That revealed something intriguing. Many penguins are native to specific volcanic islands, which arose relatively quickly from solidified lava. Often, the researchers found, the appearance of new penguin species was closely tied in time to the appearance of those penguins’ native islands. In other words, before the islands formed, the species that call them home today did not exist. Rather, these species came into being when penguins from elsewhere popped out of the sea near the new patches of earth, began to make a new life for themselves and slowly evolved into a new species.

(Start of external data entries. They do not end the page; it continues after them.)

(* Let $E$ be a row-finite graph with a fixed choice of special edges. Let $R$ be a complete set of representatives of the $\sim_\infty$-equivalence classes of $X^\infty$ and $S$ a complete set of representatives of the $\sim_c$-equivalence classes of $X^c$. Then $\{(F_v,\phi_v),(F_x,\phi_x),(F_y,\phi_y)\mid v\in E^0,\ x\in R,\ y\in S\}$ is a complete set of representatives (each isomorphism class represented exactly once) for the isomorphism classes of nonempty connected extended representation graphs for $E$.
   Context: $E=(E^0,E^1,s,r)$ is a row-finite directed graph; a vertex is regular if it emits an edge; for each regular $v$ a fixed edge $e^v\in s^{-1}(v)$ is called special, all other edges nonspecial. Paths of length $n\ge1$ are words $y_1\dots y_n$ of edges with $r(y_i)=s(y_{i+1})$; paths of length $0$ are vertices ($s(v)=r(v)=v$). The double graph $E_d$ has vertices $E^0$ and edges $e$ (real) and $e^*$ (ghost) for $e\in E^1$, with $s_d(e)=s(e),r_d(e)=r(e),s_d(e^* )=r(e),r_d(e^* )=s(e)$. For $p=e_1\dots e_n$ set $p^*=e_n^*\dots e_1^*$. The set $X$ of (finite) basis paths consists of the paths in $E_d$: vertices; $p,p^*$ for paths $p$ of length $\ge1$ in $E$; $pq^*$ with $p=e_1\dots e_k,q=f_1\dots f_n$ of length $\ge1$ in $E$, $r(p)=r(q)$, and $e_k\ne f_n$ or $e_k=f_n$ nonspecial. $X_v=\{x\in X: s_d(x)=v\}$. $X^\infty$: left-infinite words $x=\dots x_3x_2x_1$ of edges of $E_d$ such that each $x_n\dots x_1$ is a basis path. $x\sim_\infty z$ iff there are $m,n\ge0$ with $\dots x_{m+2}x_{m+1}=\dots z_{n+2}z_{n+1}$. $X^c$: closed paths of length $\ge1$ in $E_d$ consisting only of real edges or only of ghost edges (equivalently finite basis paths $x$ with $x^2$ a basis path). $x_1\dots x_m\sim_c y_1\dots y_n$ iff $x_1\dots x_m=y_{k+1}\dots y_ny_1\dots y_k$ for some $1\le k\le n$. An extended representation graph for $E$ is a pair $(F,\phi)$, $F$ a directed graph, $\phi:F\to E_d$ a graph homomorphism, such that for every $w\in F^0$: (i) $w$ is a source or receives exactly one edge $f_w$; (ii) if $w$ is a source or $\phi(f_w)$ is a nonspecial real edge, $\phi$ maps $s^{-1}(w)$ bijectively onto $s_d^{-1}(\phi(w))$; (iii) if $\phi(f_w)$ is a special real edge, $\phi$ maps $s^{-1}(w)$ bijectively onto $s_d^{-1}(\phi(w))\setminus\{\phi(f_w)^*\}$; (iv) if $\phi(f_w)$ is a ghost edge, $\phi$ maps $s^{-1}(w)$ bijectively onto the ghost edges in $s_d^{-1}(\phi(w))$. An isomorphism $(F,\phi)\to(G,\psi)$ is a graph isomorphism $\alpha$ with $\psi\circ\alpha=\phi$. $F$ is connected if any two vertices are joined by a path when edge directions are ignored; nonempty if $F^0\ne\emptyset$. $(F_v,\phi_v)$ for $v\in E^0$: vertices $w_x$ ($x\in X_v$), edges $f_x$ ($x\in X_v\setminus\{v\}$) from $w_{x'}$ to $w_x$ where $x'$ is $x$ with its last edge removed ($x'=v$ if $|x|=1$); $\phi_v(w_x)=r_d(x)$, $\phi_v(f_x)=$ last edge of $x$. $(F_x,\phi_x)$ for $x=\dots x_2x_1\in X^\infty$: for $i\in\mathbb N$, $X_i$ = basis paths $y=y_1\dots y_n$, $n\ge1$, with $x_iy_1$ a basis path and $y_1\ne x_{i-1}$ if $i\ge2$. Vertices $w_i$ ($i\in\mathbb N$), $w_{i,y}$ ($y\in X_i$); edges $f_i$ from $w_{i+1}$ to $w_i$, and $f_{i,y}$ to $w_{i,y}$ from $w_i$ if $|y|=1$, from $w_{i,y_1\dots y_{n-1}}$ if $n\ge2$; $\phi_x(w_i)=r_d(x_i)$, $\phi_x(w_{i,y})=r_d(y)$, $\phi_x(f_i)=x_i$, $\phi_x(f_{i,y})=$ last edge of $y$. $(F_x,\phi_x)$ for $x=x_1\dots x_m\in X^c$: for $1\le i\le m$, $X_i$ = basis paths $y=y_1\dots y_n$, $n\ge1$, with $x_iy_1$ a basis path and $y_1\ne x_{i+1}$ ($x_{m+1}=x_1$). Vertices $w_i$ ($1\le i\le m$), $w_{i,y}$ ($y\in X_i$); edges $f_i$ from $w_{i-1}$ to $w_i$ ($w_0=w_m$), and $f_{i,y}$ as before; $\phi_x$ defined by the same formulas. *)

theory Defs
  imports Main
begin

record ('a,'b) egraph =
  V0 :: "'a set"
  V1 :: "'b set"
  esrc :: "'b \<Rightarrow> 'a"
  erng :: "'b \<Rightarrow> 'a"

definition egraph_wf :: "('a,'b) egraph \<Rightarrow> bool" where
  "egraph_wf E \<longleftrightarrow> (\<forall>e\<in>V1 E. esrc E e \<in> V0 E \<and> erng E e \<in> V0 E)"

definition row_finite :: "('a,'b) egraph \<Rightarrow> bool" where
  "row_finite E \<longleftrightarrow> (\<forall>v\<in>V0 E. finite {e\<in>V1 E. esrc E e = v})"

definition regular :: "('a,'b) egraph \<Rightarrow> 'a \<Rightarrow> bool" where
  "regular E v \<longleftrightarrow> (\<exists>e\<in>V1 E. esrc E e = v)"

definition special_choice :: "('a,'b) egraph \<Rightarrow> ('a \<Rightarrow> 'b) \<Rightarrow> bool" where
  "special_choice E sp \<longleftrightarrow>
     (\<forall>v\<in>V0 E. regular E v \<longrightarrow> sp v \<in> V1 E \<and> esrc E (sp v) = v)"

definition special :: "('a,'b) egraph \<Rightarrow> ('a \<Rightarrow> 'b) \<Rightarrow> 'b \<Rightarrow> bool" where
  "special E sp e \<longleftrightarrow> e \<in> V1 E \<and> e = sp (esrc E e)"

text \<open>Edges of the double graph: real edges e and ghost edges e*.\<close>
datatype 'b dedge = Real 'b | Ghost 'b

fun dsrc :: "('a,'b) egraph \<Rightarrow> 'b dedge \<Rightarrow> 'a" where
  "dsrc E (Real e) = esrc E e"
| "dsrc E (Ghost e) = erng E e"

fun drng :: "('a,'b) egraph \<Rightarrow> 'b dedge \<Rightarrow> 'a" where
  "drng E (Real e) = erng E e"
| "drng E (Ghost e) = esrc E e"

definition dedges :: "('a,'b) egraph \<Rightarrow> 'b dedge set" where
  "dedges E = Real ` V1 E \<union> Ghost ` V1 E"

definition epath :: "('a,'b) egraph \<Rightarrow> 'b list \<Rightarrow> bool" where
  "epath E p \<longleftrightarrow> p \<noteq> [] \<and> set p \<subseteq> V1 E \<and> successively (\<lambda>e f. erng E e = esrc E f) p"

definition dpath :: "('a,'b) egraph \<Rightarrow> 'b dedge list \<Rightarrow> bool" where
  "dpath E p \<longleftrightarrow> p \<noteq> [] \<and> set p \<subseteq> dedges E \<and> successively (\<lambda>a b. drng E a = dsrc E b) p"

definition gstar :: "'b list \<Rightarrow> 'b dedge list" where
  "gstar q = map Ghost (rev q)"

definition basis_word :: "('a,'b) egraph \<Rightarrow> ('a \<Rightarrow> 'b) \<Rightarrow> 'b dedge list \<Rightarrow> bool" where
  "basis_word E sp w \<longleftrightarrow>
     (\<exists>p. epath E p \<and> w = map Real p) \<or>
     (\<exists>p. epath E p \<and> w = gstar p) \<or>
     (\<exists>p q. epath E p \<and> epath E q \<and> erng E (last p) = erng E (last q) \<and>
            (last p \<noteq> last q \<or> \<not> special E sp (last p)) \<and> w = map Real p @ gstar q)"

text \<open>The set X of basis paths; a basis path is represented by its source vertex
  together with its word of edges (empty word = the vertex itself).\<close>
definition basis_paths :: "('a,'b) egraph \<Rightarrow> ('a \<Rightarrow> 'b) \<Rightarrow> ('a \<times> 'b dedge list) set" where
  "basis_paths E sp = {(v, []) | v. v \<in> V0 E} \<union> {(dsrc E (hd w), w) | w. basis_word E sp w}"

definition Xv :: "('a,'b) egraph \<Rightarrow> ('a \<Rightarrow> 'b) \<Rightarrow> 'a \<Rightarrow> ('a \<times> 'b dedge list) set" where
  "Xv E sp v = {x \<in> basis_paths E sp. fst x = v}"

definition bp_rng :: "('a,'b) egraph \<Rightarrow> ('a \<times> 'b dedge list) \<Rightarrow> 'a" where
  "bp_rng E x = (if snd x = [] then fst x else drng E (last (snd x)))"

text \<open>Left-infinite words ... x_3 x_2 x_1 are encoded as functions x with
  x 0 = x_1, x 1 = x_2, etc.; x_n ... x_1 is the list [x (n-1), ..., x 0].\<close>
definition Xinf :: "('a,'b) egraph \<Rightarrow> ('a \<Rightarrow> 'b) \<Rightarrow> (nat \<Rightarrow> 'b dedge) set" where
  "Xinf E sp = {x. \<forall>n\<ge>1. basis_word E sp (map x (rev [0..<n]))}"

definition inf_equiv :: "(nat \<Rightarrow> 'b dedge) \<Rightarrow> (nat \<Rightarrow> 'b dedge) \<Rightarrow> bool" where
  "inf_equiv x z \<longleftrightarrow> (\<exists>m n. \<forall>k. x (m + k) = z (n + k))"

definition Xc :: "('a,'b) egraph \<Rightarrow> 'b dedge list set" where
  "Xc E = {x. dpath E x \<and> dsrc E (hd x) = drng E (last x) \<and>
              ((\<exists>p. x = map Real p) \<or> (\<exists>p. x = map Ghost p))}"

definition cyc_equiv :: "'b dedge list \<Rightarrow> 'b dedge list \<Rightarrow> bool" where
  "cyc_equiv x y \<longleftrightarrow> (\<exists>k. 1 \<le> k \<and> k \<le> length y \<and> x = drop k y @ take k y)"

record ('v,'e) dgraph =
  verts :: "'v set"
  arcs :: "'e set"
  tail :: "'e \<Rightarrow> 'v"
  head :: "'e \<Rightarrow> 'v"

definition in_arcs :: "('v,'e) dgraph \<Rightarrow> 'v \<Rightarrow> 'e set" where
  "in_arcs F w = {f \<in> arcs F. head F f = w}"

definition out_arcs :: "('v,'e) dgraph \<Rightarrow> 'v \<Rightarrow> 'e set" where
  "out_arcs F w = {f \<in> arcs F. tail F f = w}"

definition dgraph_wf :: "('v,'e) dgraph \<Rightarrow> bool" where
  "dgraph_wf F \<longleftrightarrow> (\<forall>f\<in>arcs F. tail F f \<in> verts F \<and> head F f \<in> verts F)"

definition dhom :: "('a,'b) egraph \<Rightarrow> ('v,'e) dgraph \<Rightarrow> ('v \<Rightarrow> 'a) \<Rightarrow> ('e \<Rightarrow> 'b dedge) \<Rightarrow> bool" where
  "dhom E F phiV phiA \<longleftrightarrow>
     (\<forall>w\<in>verts F. phiV w \<in> V0 E) \<and>
     (\<forall>f\<in>arcs F. phiA f \<in> dedges E \<and> dsrc E (phiA f) = phiV (tail F f) \<and>
                  drng E (phiA f) = phiV (head F f))"

definition ext_rep_graph ::
  "('a,'b) egraph \<Rightarrow> ('a \<Rightarrow> 'b) \<Rightarrow> ('v,'e) dgraph \<Rightarrow> ('v \<Rightarrow> 'a) \<Rightarrow> ('e \<Rightarrow> 'b dedge) \<Rightarrow> bool" where
  "ext_rep_graph E sp F phiV phiA \<longleftrightarrow>
     dgraph_wf F \<and> dhom E F phiV phiA \<and>
     (\<forall>w\<in>verts F.
        (in_arcs F w = {} \<or> (\<exists>f. in_arcs F w = {f})) \<and>
        ((in_arcs F w = {} \<or> (\<exists>f e. in_arcs F w = {f} \<and> phiA f = Real e \<and> \<not> special E sp e)) \<longrightarrow>
           bij_betw phiA (out_arcs F w) {d \<in> dedges E. dsrc E d = phiV w}) \<and>
        (\<forall>f e. in_arcs F w = {f} \<and> phiA f = Real e \<and> special E sp e \<longrightarrow>
           bij_betw phiA (out_arcs F w) ({d \<in> dedges E. dsrc E d = phiV w} - {Ghost e})) \<and>
        (\<forall>f e. in_arcs F w = {f} \<and> phiA f = Ghost e \<longrightarrow>
           bij_betw phiA (out_arcs F w) {Ghost e' | e'. e' \<in> V1 E \<and> dsrc E (Ghost e') = phiV w}))"

definition dg_connected :: "('v,'e) dgraph \<Rightarrow> bool" where
  "dg_connected F \<longleftrightarrow>
     (\<forall>u\<in>verts F. \<forall>v\<in>verts F.
        (u, v) \<in> ({(tail F f, head F f) | f. f \<in> arcs F} \<union> {(head F f, tail F f) | f. f \<in> arcs F})\<^sup>*)"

A claw in amber preserves secrets 99 million years old

In the bustling amber markets of Myanmar, a palaeontologist named Lida Xing has collected tiny golden time capsules containing prehistoric insects, a baby snake and most famously a dinosaur’s feathered tail. One day in 2014, a bead seller’s wares caught his eye.

“I noticed that there was a very small bird foot in one of the beads, which made me very excited,” says Xing, who works at the China University of Geosciences in Beijing.

After some quick negotiations, Xing swooped up the specimen, a grisly, dismembered claw suspended in the beautiful honey-coloured bead, which he called “Ugly Foot”. With the 99-million-year-old amber bead now in his possession, Xing and his colleagues studied and CT-scanned the entombed appendage. They saw that the top of the foot was coated in fuzzy feathers. Closer inspection revealed that there were bristle-like feathers protruding from the tops of the toes.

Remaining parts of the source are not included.